*** Opening of Records to use ***

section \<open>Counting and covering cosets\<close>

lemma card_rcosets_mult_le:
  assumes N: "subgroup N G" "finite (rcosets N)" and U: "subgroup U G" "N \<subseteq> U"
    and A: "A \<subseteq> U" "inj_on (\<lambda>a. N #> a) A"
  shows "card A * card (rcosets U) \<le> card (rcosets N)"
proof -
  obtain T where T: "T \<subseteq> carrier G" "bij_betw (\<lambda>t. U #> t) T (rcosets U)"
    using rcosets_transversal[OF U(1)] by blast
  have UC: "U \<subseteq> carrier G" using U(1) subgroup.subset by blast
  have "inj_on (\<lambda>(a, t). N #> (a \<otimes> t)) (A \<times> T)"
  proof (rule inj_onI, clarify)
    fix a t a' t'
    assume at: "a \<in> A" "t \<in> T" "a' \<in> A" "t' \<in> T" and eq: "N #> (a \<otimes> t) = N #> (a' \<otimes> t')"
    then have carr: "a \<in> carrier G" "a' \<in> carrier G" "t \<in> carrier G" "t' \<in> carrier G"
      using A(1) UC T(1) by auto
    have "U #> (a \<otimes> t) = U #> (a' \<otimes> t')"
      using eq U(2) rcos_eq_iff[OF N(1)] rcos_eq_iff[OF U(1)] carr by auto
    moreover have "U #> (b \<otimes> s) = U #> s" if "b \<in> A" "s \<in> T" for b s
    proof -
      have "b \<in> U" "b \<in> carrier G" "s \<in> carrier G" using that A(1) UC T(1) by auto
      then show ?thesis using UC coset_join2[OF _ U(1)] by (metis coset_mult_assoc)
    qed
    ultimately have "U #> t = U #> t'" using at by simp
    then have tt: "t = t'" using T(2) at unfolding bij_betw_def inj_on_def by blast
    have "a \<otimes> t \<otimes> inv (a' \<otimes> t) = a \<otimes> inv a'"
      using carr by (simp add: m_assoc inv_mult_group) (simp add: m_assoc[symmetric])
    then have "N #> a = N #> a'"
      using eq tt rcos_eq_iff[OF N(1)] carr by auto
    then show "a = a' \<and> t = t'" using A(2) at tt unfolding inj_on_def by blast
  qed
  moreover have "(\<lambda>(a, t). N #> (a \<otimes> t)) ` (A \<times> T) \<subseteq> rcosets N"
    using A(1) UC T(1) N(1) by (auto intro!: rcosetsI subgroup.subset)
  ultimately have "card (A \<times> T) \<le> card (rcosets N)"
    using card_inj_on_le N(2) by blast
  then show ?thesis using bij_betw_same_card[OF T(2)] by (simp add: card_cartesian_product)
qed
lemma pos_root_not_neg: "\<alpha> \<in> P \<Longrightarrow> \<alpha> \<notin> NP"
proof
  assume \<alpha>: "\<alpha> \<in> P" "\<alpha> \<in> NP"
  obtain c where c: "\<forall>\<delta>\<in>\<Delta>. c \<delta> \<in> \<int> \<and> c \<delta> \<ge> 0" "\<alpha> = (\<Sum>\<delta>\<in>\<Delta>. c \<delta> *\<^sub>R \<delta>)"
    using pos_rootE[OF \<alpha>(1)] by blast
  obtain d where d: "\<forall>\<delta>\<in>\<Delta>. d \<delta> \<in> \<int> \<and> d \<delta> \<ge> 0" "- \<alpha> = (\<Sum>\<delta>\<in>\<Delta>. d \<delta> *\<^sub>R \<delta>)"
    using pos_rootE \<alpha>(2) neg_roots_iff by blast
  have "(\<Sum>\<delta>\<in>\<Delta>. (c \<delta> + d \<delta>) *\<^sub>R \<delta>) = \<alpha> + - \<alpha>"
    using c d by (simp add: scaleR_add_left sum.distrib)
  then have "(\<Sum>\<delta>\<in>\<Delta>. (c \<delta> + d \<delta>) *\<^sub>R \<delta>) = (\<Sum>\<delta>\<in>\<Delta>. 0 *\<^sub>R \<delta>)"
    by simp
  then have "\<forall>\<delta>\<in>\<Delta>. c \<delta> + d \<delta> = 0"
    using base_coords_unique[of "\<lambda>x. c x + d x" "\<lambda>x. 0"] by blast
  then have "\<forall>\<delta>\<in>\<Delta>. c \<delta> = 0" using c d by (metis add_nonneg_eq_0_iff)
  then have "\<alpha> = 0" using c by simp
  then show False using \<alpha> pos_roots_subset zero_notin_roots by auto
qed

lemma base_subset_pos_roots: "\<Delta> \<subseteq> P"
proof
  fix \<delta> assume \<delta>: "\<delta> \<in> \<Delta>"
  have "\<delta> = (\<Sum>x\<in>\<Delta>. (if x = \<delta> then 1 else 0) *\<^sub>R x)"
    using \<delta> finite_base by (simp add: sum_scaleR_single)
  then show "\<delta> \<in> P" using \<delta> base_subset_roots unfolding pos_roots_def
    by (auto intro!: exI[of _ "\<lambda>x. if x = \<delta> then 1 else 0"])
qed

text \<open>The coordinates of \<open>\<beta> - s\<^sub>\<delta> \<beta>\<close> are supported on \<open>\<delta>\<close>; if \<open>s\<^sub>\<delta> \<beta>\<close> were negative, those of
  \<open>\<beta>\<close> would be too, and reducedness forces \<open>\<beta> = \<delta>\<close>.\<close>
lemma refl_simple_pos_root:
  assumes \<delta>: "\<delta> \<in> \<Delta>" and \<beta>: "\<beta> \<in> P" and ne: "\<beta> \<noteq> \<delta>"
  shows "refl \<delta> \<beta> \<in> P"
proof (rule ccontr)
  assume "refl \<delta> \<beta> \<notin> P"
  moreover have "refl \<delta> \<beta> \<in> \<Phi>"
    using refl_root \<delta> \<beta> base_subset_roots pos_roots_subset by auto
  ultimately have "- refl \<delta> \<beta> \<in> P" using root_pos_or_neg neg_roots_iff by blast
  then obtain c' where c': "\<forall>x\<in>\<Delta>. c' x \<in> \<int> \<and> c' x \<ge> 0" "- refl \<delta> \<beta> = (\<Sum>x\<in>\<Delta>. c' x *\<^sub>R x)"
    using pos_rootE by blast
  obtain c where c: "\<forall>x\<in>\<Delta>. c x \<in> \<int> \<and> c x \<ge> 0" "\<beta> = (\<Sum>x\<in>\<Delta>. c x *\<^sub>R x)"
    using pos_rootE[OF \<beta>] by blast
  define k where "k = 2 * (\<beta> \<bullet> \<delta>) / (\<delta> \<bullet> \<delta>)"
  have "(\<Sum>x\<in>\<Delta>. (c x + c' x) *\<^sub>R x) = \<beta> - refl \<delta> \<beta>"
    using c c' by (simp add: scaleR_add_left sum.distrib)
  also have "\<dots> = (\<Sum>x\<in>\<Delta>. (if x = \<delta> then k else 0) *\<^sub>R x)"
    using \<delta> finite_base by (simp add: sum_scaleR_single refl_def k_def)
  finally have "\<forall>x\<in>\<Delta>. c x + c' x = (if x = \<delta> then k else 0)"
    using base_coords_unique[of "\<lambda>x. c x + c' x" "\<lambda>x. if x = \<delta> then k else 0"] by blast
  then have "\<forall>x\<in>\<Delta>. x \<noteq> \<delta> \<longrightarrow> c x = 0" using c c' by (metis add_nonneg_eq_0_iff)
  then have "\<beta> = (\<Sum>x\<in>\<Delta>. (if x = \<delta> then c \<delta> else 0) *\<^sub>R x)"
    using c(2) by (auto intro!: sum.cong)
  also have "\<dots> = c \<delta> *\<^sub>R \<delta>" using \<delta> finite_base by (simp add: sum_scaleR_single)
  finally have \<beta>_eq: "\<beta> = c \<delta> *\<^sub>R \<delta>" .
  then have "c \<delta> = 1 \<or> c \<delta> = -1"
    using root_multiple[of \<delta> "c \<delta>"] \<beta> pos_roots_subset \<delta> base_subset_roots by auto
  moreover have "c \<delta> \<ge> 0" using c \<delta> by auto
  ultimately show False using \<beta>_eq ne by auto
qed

*** Close of Records to use ***

▸ Task instructions:
Return word for word the lines above from the line with "using pos_rootE by blast" to the line with "using c(2) by (auto intro!: sum.cong)", including both and leaving out all others.

▸ Solution for this task:
    using pos_rootE by blast
  obtain c where c: "\<forall>x\<in>\<Delta>. c x \<in> \<int> \<and> c x \<ge> 0" "\<beta> = (\<Sum>x\<in>\<Delta>. c x *\<^sub>R x)"
    using pos_rootE[OF \<beta>] by blast
  define k where "k = 2 * (\<beta> \<bullet> \<delta>) / (\<delta> \<bullet> \<delta>)"
  have "(\<Sum>x\<in>\<Delta>. (c x + c' x) *\<^sub>R x) = \<beta> - refl \<delta> \<beta>"
    using c c' by (simp add: scaleR_add_left sum.distrib)
  also have "\<dots> = (\<Sum>x\<in>\<Delta>. (if x = \<delta> then k else 0) *\<^sub>R x)"
    using \<delta> finite_base by (simp add: sum_scaleR_single refl_def k_def)
  finally have "\<forall>x\<in>\<Delta>. c x + c' x = (if x = \<delta> then k else 0)"
    using base_coords_unique[of "\<lambda>x. c x + c' x" "\<lambda>x. if x = \<delta> then k else 0"] by blast
  then have "\<forall>x\<in>\<Delta>. x \<noteq> \<delta> \<longrightarrow> c x = 0" using c c' by (metis add_nonneg_eq_0_iff)
  then have "\<beta> = (\<Sum>x\<in>\<Delta>. (if x = \<delta> then c \<delta> else 0) *\<^sub>R x)"
    using c(2) by (auto intro!: sum.cong)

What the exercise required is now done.